TASK DIRECTIONS:
Count lines holding the string "lemma" in the data that follows. Reply with one number only.

GIVEN ENTRIES:
lemma active_half_edge:
  shows "a \<in> A" "fst a \<in> set disc" "fst (M a) \<notin> set disc" "comm_hedges Hs (fst (M a)) \<subseteq> A"
proof -
  show a: "a \<in> A" "fst a \<in> set disc" "fst (M a) \<notin> set disc" using act by auto
  show "comm_hedges Hs (fst (M a)) \<subseteq> A"
    using perfect_matchingsD(1)[OF M a(1)] unfolding A_def
    by (simp add: comm_hedges_subset_hcm_hedges mem_hcm_hedges_iff)
qed

lemma active_step_new_partner:
  assumes x: "x \<in> comm_hedges Hs (fst (M a))" "x \<noteq> M a" "M x \<notin> set act"
  shows "fst (M x) \<notin> set disc"
proof
  assume "fst (M x) \<in> set disc"
  moreover have "x \<in> A" "fst x = fst (M a)" using x(1) active_half_edge(4) comm_hedges_fst by auto
  ultimately have "M x \<in> set (a # act)"
    using act perfect_matchingsD[OF M] active_half_edge(3) by auto
  moreover have "M x \<noteq> a" using x(2) perfect_matchingsD(3)[OF M \<open>x \<in> A\<close>] by metis
  ultimately show False using x(3) by simp
qed

lemma active_step_active_eq:
  defines "c \<equiv> fst (M a)"
  shows "set (hedge_list {h \<in> comm_hedges Hs c. h \<noteq> M a \<and> M h \<notin> set act \<and> fst (M h) \<noteq> c}
              @ filter (\<lambda>x. M x \<notin> comm_hedges Hs c) act)
           = {x \<in> A. fst x \<in> set (disc @ [c]) \<and> fst (M x) \<notin> set (disc @ [c])}"
proof -
  note a = active_half_edge[folded c_def]
  let ?new = "{h \<in> comm_hedges Hs c. h \<noteq> M a \<and> M h \<notin> set act \<and> fst (M h) \<noteq> c}"
  have set_new: "set (hedge_list ?new) = ?new" by (rule set_hedge_list) simp
  have partner_c: "M x \<in> comm_hedges Hs c \<longleftrightarrow> fst (M x) = c" if "x \<in> A" for x
    using mem_comm_hedges_iff_A perfect_matchingsD(1)[OF M that] by blast
  have "set (hedge_list ?new @ filter (\<lambda>x. M x \<notin> comm_hedges Hs c) act)
          = ?new \<union> {x \<in> set act. M x \<notin> comm_hedges Hs c}"
    by (simp add: set_new)
  also have "\<dots> = {x \<in> A. fst x \<in> set (disc @ [c]) \<and> fst (M x) \<notin> set (disc @ [c])}"
  proof (intro set_eqI iffI)
    fix x assume "x \<in> ?new \<union> {x \<in> set act. M x \<notin> comm_hedges Hs c}"
    then show "x \<in> {x \<in> A. fst x \<in> set (disc @ [c]) \<and> fst (M x) \<notin> set (disc @ [c])}"
    proof (elim UnE)
      assume x: "x \<in> ?new"
      then have "x \<in> A" "fst x = c" using a(4) comm_hedges_fst[of x] by auto
      then show ?thesis using x active_step_new_partner[folded c_def, of x] by simp
    next
      assume x: "x \<in> {x \<in> set act. M x \<notin> comm_hedges Hs c}"
      then have "x \<in> A" "fst x \<in> set disc" "fst (M x) \<notin> set disc" using act by auto
      then show ?thesis using x partner_c by simp
    qed
  next
    fix x assume "x \<in> {x \<in> A. fst x \<in> set (disc @ [c]) \<and> fst (M x) \<notin> set (disc @ [c])}"
    then have x: "x \<in> A" "fst x \<in> set (disc @ [c])" "fst (M x) \<notin> set disc" "fst (M x) \<noteq> c" by auto
    show "x \<in> ?new \<union> {x \<in> set act. M x \<notin> comm_hedges Hs c}"
    proof (cases "fst x = c")
      case True
      have "x \<noteq> M a" using x(3) a(2) perfect_matchingsD(3)[OF M a(1)] by auto
      moreover have "M x \<notin> set act" using act x(3) by auto
      ultimately show ?thesis using True x mem_comm_hedges_iff_A by simp
    next
      case False
      then have "x \<in> set (a # act)" using act x by auto
      moreover have "x \<noteq> a" using x(4) by (auto simp: c_def)
      ultimately show ?thesis using x partner_c by simp
    qed
  qed
  finally show ?thesis .
qed

end

lemma explore_inv_restart_step:
  assumes sl: "sl = {x \<in> A. fst x \<notin> set disc}"
    and act: "{x \<in> A. fst x \<in> set disc \<and> fst (M x) \<notin> set disc} = {}"
    and h: "h \<in> sl"
  shows "explore_inv Hs N M (Suc (length disc)) (restart_state Hs M sl disc h)"
proof -
  let ?c = "fst h" and ?new = "{h' \<in> comm_hedges Hs (fst h). fst (M h') \<noteq> fst h}"
  have hA: "h \<in> A" and c_new: "?c \<notin> set disc" using h sl by auto
  have Hc_sub: "comm_hedges Hs ?c \<subseteq> A"
    using hA unfolding A_def by (simp add: comm_hedges_subset_hcm_hedges mem_hcm_hedges_iff)
  have set_new: "set (hedge_list ?new) = ?new" by (rule set_hedge_list) simp
  have "?new = {x \<in> A. fst x \<in> set (disc @ [?c]) \<and> fst (M x) \<notin> set (disc @ [?c])}"
  proof (intro set_eqI iffI)
    fix x assume x: "x \<in> ?new"
    then have xA: "x \<in> A" and fx: "fst x = ?c" using Hc_sub comm_hedges_fst[of x] by auto
    have "fst (M x) \<notin> set disc"
    proof
      assume "fst (M x) \<in> set disc"
      then have "M x \<in> {x \<in> A. fst x \<in> set disc \<and> fst (M x) \<notin> set disc}"
        using perfect_matchingsD[OF M xA] fx c_new by simp
      then show False using act by blast
    qed
    then show "x \<in> {x \<in> A. fst x \<in> set (disc @ [?c]) \<and> fst (M x) \<notin> set (disc @ [?c])}"
      using x xA fx by simp
  next
    fix x assume x: "x \<in> {x \<in> A. fst x \<in> set (disc @ [?c]) \<and> fst (M x) \<notin> set (disc @ [?c])}"
    have "fst x \<notin> set disc"
    proof
      assume "fst x \<in> set disc"
      then have "x \<in> {x \<in> A. fst x \<in> set disc \<and> fst (M x) \<notin> set disc}" using x by simp
      then show False using act by blast
    qed
    then show "x \<in> ?new" using x mem_comm_hedges_iff_A by auto
  qed
  moreover have "sl - comm_hedges Hs ?c = {x \<in> A. fst x \<notin> set (disc @ [?c])}"
    using mem_comm_hedges_iff_A unfolding sl by auto
  ultimately show ?thesis
    unfolding explore_inv_def restart_state_def prod.case set_new A_def[symmetric] by simp
qed

lemma explore_step_inv:
  assumes inv: "explore_inv Hs N M j s" and s': "s' \<in> set_pmf (explore_step Hs M s)"
  shows "explore_inv Hs N M (Suc j) s'"
proof -
  obtain act sl disc where s: "s = (act, sl, disc)" by (cases s)
  have sl: "sl = {x \<in> A. fst x \<notin> set disc}"
    and act: "set act = {x \<in> A. fst x \<in> set disc \<and> fst (M x) \<notin> set disc}"
    and len: "length disc = j \<or> act = [] \<and> sl = {} \<and> length disc \<le> j"
    using inv unfolding explore_inv_def s A_def prod.case by blast+
  show ?thesis
  proof (cases act)
    case (Cons a act')
    have "length disc = j" using len Cons by auto
    moreover have "s' = (hedge_list {h \<in> comm_hedges Hs (fst (M a)). h \<noteq> M a \<and> M h \<notin> set act'
                                        \<and> fst (M h) \<noteq> fst (M a)}
                         @ filter (\<lambda>x. M x \<notin> comm_hedges Hs (fst (M a))) act',
                       sl - comm_hedges Hs (fst (M a)), disc @ [fst (M a)])"
      using s' by (simp add: s Cons explore_step_active Let_def)
    moreover have "sl - comm_hedges Hs (fst (M a)) = {x \<in> A. fst x \<notin> set (disc @ [fst (M a)])}"
      using mem_comm_hedges_iff_A unfolding sl by auto
    ultimately show ?thesis
      using active_step_active_eq[of a act' disc] act Cons unfolding explore_inv_def A_def by simp
  next
    case Nil
    show ?thesis
    proof (cases "sl = {}")
      case True
      then have "s' = s" using s' by (simp add: s Nil explore_step_idle)
      then show ?thesis using inv len by (auto simp: s Nil True explore_inv_def)
    next
      case False
      have "finite sl" unfolding sl A_def by simp
      then obtain h where h: "h \<in> sl" and s'_eq: "s' = restart_state Hs M sl disc h"
        using s' False by (auto simp: s Nil set_explore_step_restart)
      show ?thesis
        using explore_inv_restart_step[OF sl _ h] act len False by (simp add: s'_eq Nil)
    qed
  qed
qed

lemma explore_iter_inv: "s \<in> set_pmf (explore_iter Hs N j M) \<Longrightarrow> explore_inv Hs N M j s"
proof (induction j arbitrary: s)
  case 0
  then show ?case by (simp add: explore_iter_0 explore_inv_def)
next
  case (Suc j)
  then show ?case by (auto simp: explore_iter_Suc intro: explore_step_inv)
qed

(* Neither b nor b' has been revealed, so swapping their partners does not affect the step. *)
lemma explore_step_transpose_le:
  assumes inv: "explore_inv Hs N M j (act, sl, disc)"
    and s': "s' \<in> set_pmf (explore_step Hs M (act, sl, disc))"
    and b: "b \<in> fst (snd s')" "b' \<in> fst (snd s')"
  shows "pmf (explore_step Hs M (act, sl, disc)) s'
           \<le> pmf (explore_step Hs (transpose_conj b b' M) (act, sl, disc)) s'"
proof -
  have sl: "sl = {x \<in> A. fst x \<notin> set disc}"
    and act: "set act = {x \<in> A. fst x \<in> set disc \<and> fst (M x) \<notin> set disc}"
    using inv unfolding explore_inv_def A_def prod.case by blast+
  have "b \<in> sl" "b' \<in> sl"
    using explore_step_sleeping_subset[OF _ s'] b unfolding sl A_def by auto
  then have bA: "b \<in> A" "b' \<in> A" and b_act: "b \<notin> set act" "b' \<notin> set act"
    using sl act by auto
  show ?thesis
  proof (cases act)
    case (Cons a act')
    have "b \<notin> comm_hedges Hs (fst (M a))" "b' \<notin> comm_hedges Hs (fst (M a))"
      using s' b by (auto simp: Cons explore_step_active Let_def)
    then have "fst b \<noteq> fst (M a)" "fst b' \<noteq> fst (M a)"
      using bA mem_comm_hedges_iff_A by blast+
    then show ?thesis
      using explore_step_transpose_active[where a = a and act = act' and M = M] b_act by (simp add: Cons)
  next
    case Nil
    have sl_ne: "sl \<noteq> {}" using \<open>b \<in> sl\<close> by auto
    show ?thesis unfolding Nil explore_step_restart[OF sl_ne]
    proof (rule pmf_map_pmf_mono)
      fix h assume h: "restart_state Hs M sl disc h = s'"
      then have "b \<notin> comm_hedges Hs (fst h)" "b' \<notin> comm_hedges Hs (fst h)"
        using b by (auto simp: restart_state_def)
      then have "fst b \<noteq> fst h" "fst b' \<noteq> fst h" using bA mem_comm_hedges_iff_A by blast+
      then show "restart_state Hs (transpose_conj b b' M) sl disc h = s'"
        using h restart_state_transpose by metis
    qed
  qed
qed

COMPLETED TASK:
7